● About this task
Copy every line of the records below where the word "cnat" occurs.

● Records to process
────────────────────────────────────────
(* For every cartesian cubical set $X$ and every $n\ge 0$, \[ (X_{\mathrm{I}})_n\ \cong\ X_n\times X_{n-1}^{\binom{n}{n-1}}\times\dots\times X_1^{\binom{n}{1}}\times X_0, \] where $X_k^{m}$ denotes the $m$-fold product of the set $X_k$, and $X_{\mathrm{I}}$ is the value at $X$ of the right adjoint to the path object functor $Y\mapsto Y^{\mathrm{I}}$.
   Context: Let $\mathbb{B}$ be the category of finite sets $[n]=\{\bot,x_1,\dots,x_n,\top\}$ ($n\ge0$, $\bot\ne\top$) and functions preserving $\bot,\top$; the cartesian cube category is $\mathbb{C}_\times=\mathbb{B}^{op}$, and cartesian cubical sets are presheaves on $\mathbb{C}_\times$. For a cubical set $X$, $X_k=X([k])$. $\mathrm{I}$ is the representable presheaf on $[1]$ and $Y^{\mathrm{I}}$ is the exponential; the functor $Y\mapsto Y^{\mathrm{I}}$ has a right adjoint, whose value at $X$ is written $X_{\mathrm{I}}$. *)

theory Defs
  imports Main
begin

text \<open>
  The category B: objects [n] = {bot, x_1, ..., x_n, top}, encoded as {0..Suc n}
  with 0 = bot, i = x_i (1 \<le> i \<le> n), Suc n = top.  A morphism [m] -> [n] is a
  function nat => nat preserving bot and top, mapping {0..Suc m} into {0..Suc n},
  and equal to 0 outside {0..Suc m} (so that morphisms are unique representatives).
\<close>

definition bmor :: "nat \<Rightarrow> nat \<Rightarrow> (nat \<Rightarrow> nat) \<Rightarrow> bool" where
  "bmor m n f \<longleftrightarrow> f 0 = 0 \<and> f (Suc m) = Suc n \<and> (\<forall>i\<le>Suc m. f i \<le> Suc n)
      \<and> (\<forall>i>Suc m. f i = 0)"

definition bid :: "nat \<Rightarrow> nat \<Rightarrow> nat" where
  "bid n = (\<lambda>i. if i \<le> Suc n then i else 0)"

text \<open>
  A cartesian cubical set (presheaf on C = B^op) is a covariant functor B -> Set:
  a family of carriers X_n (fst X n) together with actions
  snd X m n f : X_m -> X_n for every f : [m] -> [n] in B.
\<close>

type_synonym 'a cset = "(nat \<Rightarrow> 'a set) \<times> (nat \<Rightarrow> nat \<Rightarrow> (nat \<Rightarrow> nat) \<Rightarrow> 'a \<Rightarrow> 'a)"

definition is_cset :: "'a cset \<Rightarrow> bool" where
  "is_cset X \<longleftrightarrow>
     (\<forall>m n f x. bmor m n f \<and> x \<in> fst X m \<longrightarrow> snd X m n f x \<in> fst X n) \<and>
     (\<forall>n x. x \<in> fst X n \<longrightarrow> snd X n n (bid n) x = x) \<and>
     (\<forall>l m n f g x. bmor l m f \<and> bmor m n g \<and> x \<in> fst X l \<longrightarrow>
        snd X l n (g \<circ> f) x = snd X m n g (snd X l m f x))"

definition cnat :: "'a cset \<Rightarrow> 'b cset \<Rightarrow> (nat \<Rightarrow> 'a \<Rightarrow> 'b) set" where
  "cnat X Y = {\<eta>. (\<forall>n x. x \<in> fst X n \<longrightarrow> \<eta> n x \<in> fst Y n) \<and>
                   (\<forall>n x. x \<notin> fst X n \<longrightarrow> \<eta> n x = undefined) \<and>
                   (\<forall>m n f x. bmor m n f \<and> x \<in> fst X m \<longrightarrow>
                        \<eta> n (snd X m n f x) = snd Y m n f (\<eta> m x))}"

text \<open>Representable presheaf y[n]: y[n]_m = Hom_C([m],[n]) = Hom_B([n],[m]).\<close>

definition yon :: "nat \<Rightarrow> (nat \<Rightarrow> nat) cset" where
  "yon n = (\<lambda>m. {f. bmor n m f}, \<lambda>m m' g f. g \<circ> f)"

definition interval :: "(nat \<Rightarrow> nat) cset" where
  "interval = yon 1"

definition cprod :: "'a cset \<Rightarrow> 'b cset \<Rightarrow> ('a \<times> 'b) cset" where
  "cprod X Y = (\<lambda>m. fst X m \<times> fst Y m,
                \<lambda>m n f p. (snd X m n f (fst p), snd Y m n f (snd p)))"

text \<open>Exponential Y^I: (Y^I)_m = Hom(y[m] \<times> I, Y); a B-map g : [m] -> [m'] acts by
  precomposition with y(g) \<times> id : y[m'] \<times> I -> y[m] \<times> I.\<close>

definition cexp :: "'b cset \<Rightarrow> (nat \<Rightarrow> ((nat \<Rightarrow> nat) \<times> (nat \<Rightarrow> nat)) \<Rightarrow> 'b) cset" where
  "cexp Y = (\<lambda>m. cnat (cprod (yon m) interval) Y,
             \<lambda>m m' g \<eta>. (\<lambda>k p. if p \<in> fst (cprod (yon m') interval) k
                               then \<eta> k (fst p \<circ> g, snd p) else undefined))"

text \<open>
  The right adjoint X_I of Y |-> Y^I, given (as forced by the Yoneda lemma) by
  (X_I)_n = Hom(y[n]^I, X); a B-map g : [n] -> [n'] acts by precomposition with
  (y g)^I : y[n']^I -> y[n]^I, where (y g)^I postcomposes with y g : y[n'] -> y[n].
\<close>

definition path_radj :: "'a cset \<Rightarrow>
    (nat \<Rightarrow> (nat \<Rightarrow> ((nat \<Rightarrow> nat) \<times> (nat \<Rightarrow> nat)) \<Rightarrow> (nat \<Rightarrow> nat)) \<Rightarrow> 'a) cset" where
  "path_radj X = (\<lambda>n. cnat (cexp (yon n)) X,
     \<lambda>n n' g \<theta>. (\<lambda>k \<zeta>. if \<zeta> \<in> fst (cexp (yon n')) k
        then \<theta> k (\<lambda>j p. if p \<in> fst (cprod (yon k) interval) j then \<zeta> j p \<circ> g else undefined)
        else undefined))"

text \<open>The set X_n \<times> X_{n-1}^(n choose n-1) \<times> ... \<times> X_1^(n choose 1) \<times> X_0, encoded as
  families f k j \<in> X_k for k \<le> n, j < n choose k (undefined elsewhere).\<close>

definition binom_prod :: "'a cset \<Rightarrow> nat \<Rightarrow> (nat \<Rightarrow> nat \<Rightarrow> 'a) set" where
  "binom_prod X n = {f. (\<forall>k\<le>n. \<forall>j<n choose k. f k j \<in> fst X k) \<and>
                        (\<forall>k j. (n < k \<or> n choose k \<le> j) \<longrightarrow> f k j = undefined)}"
────────────────────────────────────────
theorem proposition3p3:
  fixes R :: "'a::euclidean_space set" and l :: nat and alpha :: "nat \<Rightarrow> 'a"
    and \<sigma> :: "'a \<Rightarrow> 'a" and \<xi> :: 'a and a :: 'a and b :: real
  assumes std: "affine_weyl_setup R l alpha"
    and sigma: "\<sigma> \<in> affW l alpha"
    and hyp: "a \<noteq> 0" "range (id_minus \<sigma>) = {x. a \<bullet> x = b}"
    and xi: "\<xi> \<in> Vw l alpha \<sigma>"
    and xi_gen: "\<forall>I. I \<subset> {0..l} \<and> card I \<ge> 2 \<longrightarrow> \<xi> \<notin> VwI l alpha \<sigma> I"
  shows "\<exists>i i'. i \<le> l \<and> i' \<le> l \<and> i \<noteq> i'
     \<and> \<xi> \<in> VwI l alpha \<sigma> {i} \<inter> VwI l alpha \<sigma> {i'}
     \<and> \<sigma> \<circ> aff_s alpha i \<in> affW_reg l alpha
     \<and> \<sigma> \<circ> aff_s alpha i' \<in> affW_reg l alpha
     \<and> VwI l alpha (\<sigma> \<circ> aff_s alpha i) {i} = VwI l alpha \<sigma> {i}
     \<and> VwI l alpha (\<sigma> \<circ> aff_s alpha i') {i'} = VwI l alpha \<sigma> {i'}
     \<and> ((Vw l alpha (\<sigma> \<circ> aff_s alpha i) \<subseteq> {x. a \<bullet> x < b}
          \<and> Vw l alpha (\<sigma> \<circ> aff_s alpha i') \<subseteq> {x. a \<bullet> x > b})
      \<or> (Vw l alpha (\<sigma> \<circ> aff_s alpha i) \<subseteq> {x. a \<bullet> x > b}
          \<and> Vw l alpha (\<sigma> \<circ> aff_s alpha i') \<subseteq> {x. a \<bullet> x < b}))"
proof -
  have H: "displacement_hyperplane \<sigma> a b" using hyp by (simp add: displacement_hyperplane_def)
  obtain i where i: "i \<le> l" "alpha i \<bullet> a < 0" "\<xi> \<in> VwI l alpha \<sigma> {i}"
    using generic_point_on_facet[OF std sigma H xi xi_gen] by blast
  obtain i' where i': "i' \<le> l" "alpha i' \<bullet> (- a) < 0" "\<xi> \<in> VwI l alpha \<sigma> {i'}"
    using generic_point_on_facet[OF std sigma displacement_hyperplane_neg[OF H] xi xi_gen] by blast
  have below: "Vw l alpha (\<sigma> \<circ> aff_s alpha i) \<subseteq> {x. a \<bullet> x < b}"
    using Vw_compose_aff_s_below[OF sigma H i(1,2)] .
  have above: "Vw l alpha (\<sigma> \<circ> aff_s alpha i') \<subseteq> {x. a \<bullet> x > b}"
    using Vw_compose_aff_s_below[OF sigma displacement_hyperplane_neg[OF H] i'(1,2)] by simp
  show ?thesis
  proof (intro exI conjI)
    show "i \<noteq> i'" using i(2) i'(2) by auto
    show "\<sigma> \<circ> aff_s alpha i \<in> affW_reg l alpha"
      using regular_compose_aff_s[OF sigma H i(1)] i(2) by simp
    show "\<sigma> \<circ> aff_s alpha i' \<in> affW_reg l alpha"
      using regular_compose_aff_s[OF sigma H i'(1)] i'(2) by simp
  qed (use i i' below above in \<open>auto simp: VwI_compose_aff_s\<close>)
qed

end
────────────────────────────────────────
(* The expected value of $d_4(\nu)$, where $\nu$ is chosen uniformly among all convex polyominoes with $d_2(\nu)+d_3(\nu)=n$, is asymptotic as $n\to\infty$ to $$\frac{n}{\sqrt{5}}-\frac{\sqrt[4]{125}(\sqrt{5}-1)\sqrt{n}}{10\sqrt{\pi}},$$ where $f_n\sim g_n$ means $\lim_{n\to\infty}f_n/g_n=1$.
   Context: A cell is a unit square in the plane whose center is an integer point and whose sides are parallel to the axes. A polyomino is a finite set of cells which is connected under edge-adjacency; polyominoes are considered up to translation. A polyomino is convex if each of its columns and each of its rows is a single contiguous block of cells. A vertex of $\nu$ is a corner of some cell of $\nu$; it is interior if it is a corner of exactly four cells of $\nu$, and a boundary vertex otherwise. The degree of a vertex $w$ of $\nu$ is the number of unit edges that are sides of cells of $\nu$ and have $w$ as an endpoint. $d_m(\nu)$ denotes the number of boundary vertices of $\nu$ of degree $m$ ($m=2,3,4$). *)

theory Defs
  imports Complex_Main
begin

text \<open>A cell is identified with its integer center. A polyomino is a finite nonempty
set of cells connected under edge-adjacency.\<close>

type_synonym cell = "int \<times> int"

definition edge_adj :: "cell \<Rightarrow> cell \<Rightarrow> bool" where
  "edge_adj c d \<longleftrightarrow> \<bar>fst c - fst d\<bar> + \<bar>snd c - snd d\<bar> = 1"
────────────────────────────────────────
● Solution
definition cnat :: "'a cset \<Rightarrow> 'b cset \<Rightarrow> (nat \<Rightarrow> 'a \<Rightarrow> 'b) set" where
  "cnat X Y = {\<eta>. (\<forall>n x. x \<in> fst X n \<longrightarrow> \<eta> n x \<in> fst Y n) \<and>
  "cexp Y = (\<lambda>m. cnat (cprod (yon m) interval) Y,
  "path_radj X = (\<lambda>n. cnat (cexp (yon n)) X,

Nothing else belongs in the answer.